What Are the Signs of Hyperprolactinemia in Men?

Hyperprolactinemia is a condition characterized by abnormally high concentrations of the hormone prolactin in the blood. While prolactin is known for stimulating milk production in women, it also plays a part in the male endocrine system. In men, prolactin normally maintains a low level and helps regulate reproductive functions, metabolism, and the immune system. An excess of this hormone can disrupt the balance of other hormones, particularly testosterone, leading to health issues.

Manifestations of High Prolactin

The most common signs of hyperprolactinemia stem from its effect of suppressing sex hormone production, resulting in male hypogonadism. This hormonal imbalance frequently leads to pronounced sexual dysfunction, including a noticeable decrease in libido and difficulty achieving or maintaining an erection. High prolactin levels directly impair testosterone production, causing these symptoms.

Infertility is another frequent consequence, as the hormone imbalance impairs testicular function, leading to reduced sperm production and lower sperm counts. Physical changes due to the shift in hormone levels include gynecomastia (the development of excess breast tissue). A less common but specific sign is galactorrhea, the spontaneous production of a milky discharge from the nipples.

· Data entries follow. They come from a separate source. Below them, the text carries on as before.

(* In the pure Call-by-Name $\lambda$-calculus, let $\rightsquigarrow_U$ be the unbiased iteration of head reduction (as in the context). If $M\to_\beta M'$ and not $M\rightsquigarrow_UM'$, then $\omega(M)=\omega(M')$.
   Context: Pure $\lambda$-terms $M::=x\mid\lambda x.M\mid MM$; $\to_\beta$ is the closure of $(\lambda x.M)N\mapsto M\{N/x\}$ under all contexts. Head reduction $\to_h$ is the closure of $\beta$ under head contexts $H::=[\,]\mid\lambda x.H\mid HM$. $\rightsquigarrow_U$: if $M\to_hM'$ then $M\rightsquigarrow_UM'$; if $M$ is $\to_h$-normal: $\lambda x.P\rightsquigarrow_U\lambda x.P'$ if $P\rightsquigarrow_UP'$; $PQ\rightsquigarrow_UP'Q$ if $P\rightsquigarrow_UP'$; $PQ\rightsquigarrow_UPQ'$ if $Q\rightsquigarrow_UQ'$. A head normal form is a term $\lambda x_1\dots x_n.xM_1\dots M_p$ ($n,p\ge0$). Partial $\lambda$-terms: $P::=\Omega\mid x\mid PP\mid\lambda x.P$. The partial normal form $\omega(M)$ is $\Omega$ if $M$ is not a head normal form, and $\lambda\vec x.x\,\omega(M_1)\dots\omega(M_p)$ if $M=\lambda\vec x.xM_1\dots M_p$. *)

theory Defs
  imports Main
begin

(* Pure lambda-terms, with de Bruijn indices (terms are thus identified up to alpha) *)
datatype trm = Var nat | Lam trm | App trm trm

fun lift :: "trm \<Rightarrow> nat \<Rightarrow> trm" where
  "lift (Var i) k = (if i < k then Var i else Var (Suc i))"
| "lift (Lam t) k = Lam (lift t (Suc k))"
| "lift (App t u) k = App (lift t k) (lift u k)"

fun subst :: "trm \<Rightarrow> nat \<Rightarrow> trm \<Rightarrow> trm" where
  "subst (Var i) k s = (if k < i then Var (i - 1) else if i = k then s else Var i)"
| "subst (Lam t) k s = Lam (subst t (Suc k) (lift s 0))"
| "subst (App t u) k s = App (subst t k s) (subst u k s)"

inductive beta :: "trm \<Rightarrow> trm \<Rightarrow> bool" (infixl "\<rightarrow>\<^sub>\<beta>" 50) where
  beta_root: "App (Lam t) s \<rightarrow>\<^sub>\<beta> subst t 0 s"
| beta_appL: "t \<rightarrow>\<^sub>\<beta> t' \<Longrightarrow> App t u \<rightarrow>\<^sub>\<beta> App t' u"
| beta_appR: "u \<rightarrow>\<^sub>\<beta> u' \<Longrightarrow> App t u \<rightarrow>\<^sub>\<beta> App t u'"
| beta_lam: "t \<rightarrow>\<^sub>\<beta> t' \<Longrightarrow> Lam t \<rightarrow>\<^sub>\<beta> Lam t'"

inductive hred :: "trm \<Rightarrow> trm \<Rightarrow> bool" (infixl "\<rightarrow>\<^sub>h" 50) where
  hred_root: "App (Lam t) s \<rightarrow>\<^sub>h subst t 0 s"
| hred_lam: "t \<rightarrow>\<^sub>h t' \<Longrightarrow> Lam t \<rightarrow>\<^sub>h Lam t'"
| hred_appL: "t \<rightarrow>\<^sub>h t' \<Longrightarrow> App t u \<rightarrow>\<^sub>h App t' u"

definition hnormal :: "trm \<Rightarrow> bool" where
  "hnormal M \<longleftrightarrow> \<not> (\<exists>M'. M \<rightarrow>\<^sub>h M')"

inductive ured :: "trm \<Rightarrow> trm \<Rightarrow> bool" (infixl "\<leadsto>\<^sub>U" 50) where
  ured_head: "M \<rightarrow>\<^sub>h M' \<Longrightarrow> M \<leadsto>\<^sub>U M'"
| ured_lam: "hnormal (Lam P) \<Longrightarrow> P \<leadsto>\<^sub>U P' \<Longrightarrow> Lam P \<leadsto>\<^sub>U Lam P'"
| ured_appL: "hnormal (App P Q) \<Longrightarrow> P \<leadsto>\<^sub>U P' \<Longrightarrow> App P Q \<leadsto>\<^sub>U App P' Q"
| ured_appR: "hnormal (App P Q) \<Longrightarrow> Q \<leadsto>\<^sub>U Q' \<Longrightarrow> App P Q \<leadsto>\<^sub>U App P Q'"

inductive var_app :: "trm \<Rightarrow> bool" where
  "var_app (Var x)"
| "var_app M \<Longrightarrow> var_app (App M N)"

inductive hnf :: "trm \<Rightarrow> bool" where
  "var_app M \<Longrightarrow> hnf M"
| "hnf M \<Longrightarrow> hnf (Lam M)"

datatype ptrm = POmega | PVar nat | PLam ptrm | PApp ptrm ptrm

fun pnf :: "trm \<Rightarrow> ptrm" where
  "pnf (Var x) = PVar x"
| "pnf (Lam M) = (if hnf (Lam M) then PLam (pnf M) else POmega)"
| "pnf (App M N) = (if hnf (App M N) then PApp (pnf M) (pnf N) else POmega)"

end

theory Submission
  imports Defs
begin

text \<open>Head normal forms have no head redex and are preserved by \<beta>, and a \<beta>-step
  that is not a head step cannot create a head normal form. So if \<open>M \<rightarrow>\<^sub>\<beta> M'\<close> is not
  a \<open>\<leadsto>\<^sub>U\<close>-step, either neither side is a head normal form and both partial normal
  forms are \<open>\<Omega>\<close>, or \<open>M\<close> is head normal; then \<open>\<leadsto>\<^sub>U\<close> descends into the reduced
  subterm, whose step is therefore not a \<open>\<leadsto>\<^sub>U\<close>-step either, and induction on the
  \<beta>-step concludes.\<close>

lemma var_app_Var [simp]: "var_app (Var x)"
  by (rule var_app.intros)

lemma var_app_Lam [simp]: "\<not> var_app (Lam t)"
  by (auto elim: var_app.cases)

lemma var_app_App [simp]: "var_app (App t u) \<longleftrightarrow> var_app t"
  by (auto elim: var_app.cases intro: var_app.intros)

lemma hnf_Var [simp]: "hnf (Var x)"
  by (simp add: hnf.intros)

lemma hnf_Lam [simp]: "hnf (Lam t) \<longleftrightarrow> hnf t"
  by (auto elim: hnf.cases intro: hnf.intros)

lemma hnf_App [simp]: "hnf (App t u) \<longleftrightarrow> var_app t"
  by (auto elim: hnf.cases intro: hnf.intros)

lemma pnf_not_hnf: "\<not> hnf M \<Longrightarrow> pnf M = POmega"
  by (cases M) simp_all

lemma hred_not_hnf: "M \<rightarrow>\<^sub>h M' \<Longrightarrow> \<not> hnf M"
  by (induction rule: hred.induct) (auto intro: hnf.intros)

lemma hnf_hnormal: "hnf M \<Longrightarrow> hnormal M"
  unfolding hnormal_def using hred_not_hnf by blast

lemma var_app_beta: "M \<rightarrow>\<^sub>\<beta> M' \<Longrightarrow> var_app M \<Longrightarrow> var_app M'"
  by (induction rule: beta.induct) auto

lemma hnf_beta: "M \<rightarrow>\<^sub>\<beta> M' \<Longrightarrow> hnf M \<Longrightarrow> hnf M'"
  by (induction rule: beta.induct) (auto intro: var_app_beta)

lemma var_app_beta_reflect:
  "M \<rightarrow>\<^sub>\<beta> M' \<Longrightarrow> \<not> M \<rightarrow>\<^sub>h M' \<Longrightarrow> var_app M' \<Longrightarrow> var_app M"
  by (induction rule: beta.induct) (auto intro: hred.intros)

lemma hnf_beta_reflect: "M \<rightarrow>\<^sub>\<beta> M' \<Longrightarrow> \<not> M \<rightarrow>\<^sub>h M' \<Longrightarrow> hnf M' \<Longrightarrow> hnf M"
proof (induction rule: beta.induct)
  case (beta_appL t t' u)
  then show ?case using var_app_beta_reflect beta.beta_appL by fastforce
qed (auto intro: hred.intros)

lemma pnf_beta_not_hnf:
  assumes "M \<rightarrow>\<^sub>\<beta> M'" and "\<not> M \<leadsto>\<^sub>U M'" and "\<not> hnf M"
  shows "pnf M = pnf M'"
proof -
  have "\<not> hnf M'"
    using assms hnf_beta_reflect ured_head by blast
  then show ?thesis
    using \<open>\<not> hnf M\<close> by (simp add: pnf_not_hnf)
qed

theorem mainTheorem16:
  assumes "M \<rightarrow>\<^sub>\<beta> M'"
    and "\<not> (M \<leadsto>\<^sub>U M')"
  shows "pnf M = pnf M'"
  using assms
proof (induction rule: beta.induct)
  case (beta_root t s)
  then show ?case using hred_root ured_head by blast
next
  case (beta_appL t t' u)
  show ?case
  proof (cases "hnf (App t u)")
    case True
    with beta_appL show ?thesis
      using ured_appL[OF hnf_hnormal] by (auto intro: var_app_beta hnf.intros)
  qed (use beta_appL beta.beta_appL pnf_beta_not_hnf in blast)
next
  case (beta_appR u u' t)
  show ?case
  proof (cases "hnf (App t u)")
    case True
    with beta_appR show ?thesis using ured_appR[OF hnf_hnormal] by auto
  qed (use beta_appR beta.beta_appR pnf_beta_not_hnf in blast)
next
  case (beta_lam t t')
  show ?case
  proof (cases "hnf (Lam t)")
    case True
    with beta_lam show ?thesis using hnf_beta ured_lam[OF hnf_hnormal] by auto
  qed (use beta_lam beta.beta_lam pnf_beta_not_hnf in blast)
qed

end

Systemic signs related to prolonged low testosterone include loss of body hair and muscle mass, alongside reduced bone density, which may increase fracture risk. If the cause is a large pituitary tumor (macroadenoma), the tumor can press on surrounding brain structures. This pressure can manifest as persistent headaches or visual field disturbances, typically affecting peripheral vision.

Common Causes and Underlying Conditions

High prolactin levels generally stem from three categories: tumors, medications, and systemic diseases. The most frequent pathological cause is a prolactinoma, a noncancerous growth (adenoma) of the pituitary gland that actively secretes prolactin. These tumors are classified by size: microadenomas measure less than 10 millimeters, and macroadenomas are larger.

Many hyperprolactinemia cases are drug-induced, resulting from medications that interfere with dopamine signaling. Dopamine naturally inhibits prolactin release, so any drug blocking its action can cause levels to rise. Common culprits include certain antipsychotic medications (such as risperidone), some antidepressants, opioids, and specific blood pressure medications.

Systemic health problems can also disrupt the body’s ability to regulate or clear prolactin. Untreated primary hypothyroidism (an underactive thyroid gland) can cause an increase in prolactin due to a compensatory mechanism. Chronic kidney failure and liver disease can diminish the body’s metabolic clearance of the hormone, contributing to its accumulation. Other non-tumorous causes include damage to the pituitary stalk, which carries dopamine from the hypothalamus to the pituitary gland.

Confirmation and Measurement

Identifying hyperprolactinemia begins with a blood test to measure the serum prolactin level. For adult men, a normal concentration is typically below 20 nanograms per milliliter, though this range varies between laboratories. If the initial result is mildly elevated, a repeat test is often performed to rule out a transient rise due to stress, strenuous exercise, or recent nipple stimulation.

Testing for macroprolactinemia is important; this is a condition where prolactin circulates in a large, biologically inactive complex. This form does not usually cause symptoms, but it can artificially inflate the measurement, potentially leading to unnecessary investigation. If the prolactin level is persistently high (especially above 200 nanograms per milliliter) or if symptoms are present, magnetic resonance imaging (MRI) of the brain is typically ordered. MRI is the preferred imaging method to visualize the pituitary gland and determine if a prolactinoma or another mass is the underlying cause.

Treatment and Management Strategies

Management of hyperprolactinemia is determined by the underlying cause and symptom severity. For prolactinomas, medical therapy with dopamine agonists is the established first-line treatment. These medications mimic dopamine, effectively suppressing prolactin secretion and often shrinking the tumor size.

Cabergoline is often the preferred dopamine agonist due to its superior efficacy, better tolerability, and convenient twice-weekly dosing. Bromocriptine is an effective alternative, typically used if cabergoline is not tolerated or available. When high prolactin is a medication side effect, management involves consulting a healthcare provider to adjust the dosage or switch to an alternative drug.

If a systemic condition like hypothyroidism is the root cause, treating the primary disease with thyroid hormone replacement usually normalizes prolactin levels. Surgical removal of the tumor, via a transsphenoidal approach through the nose, is reserved for patients who cannot tolerate medical therapy, whose tumors do not respond to dopamine agonists, or whose large tumors cause acute visual field loss. Radiation therapy is a third-line option when both medical and surgical treatments have failed.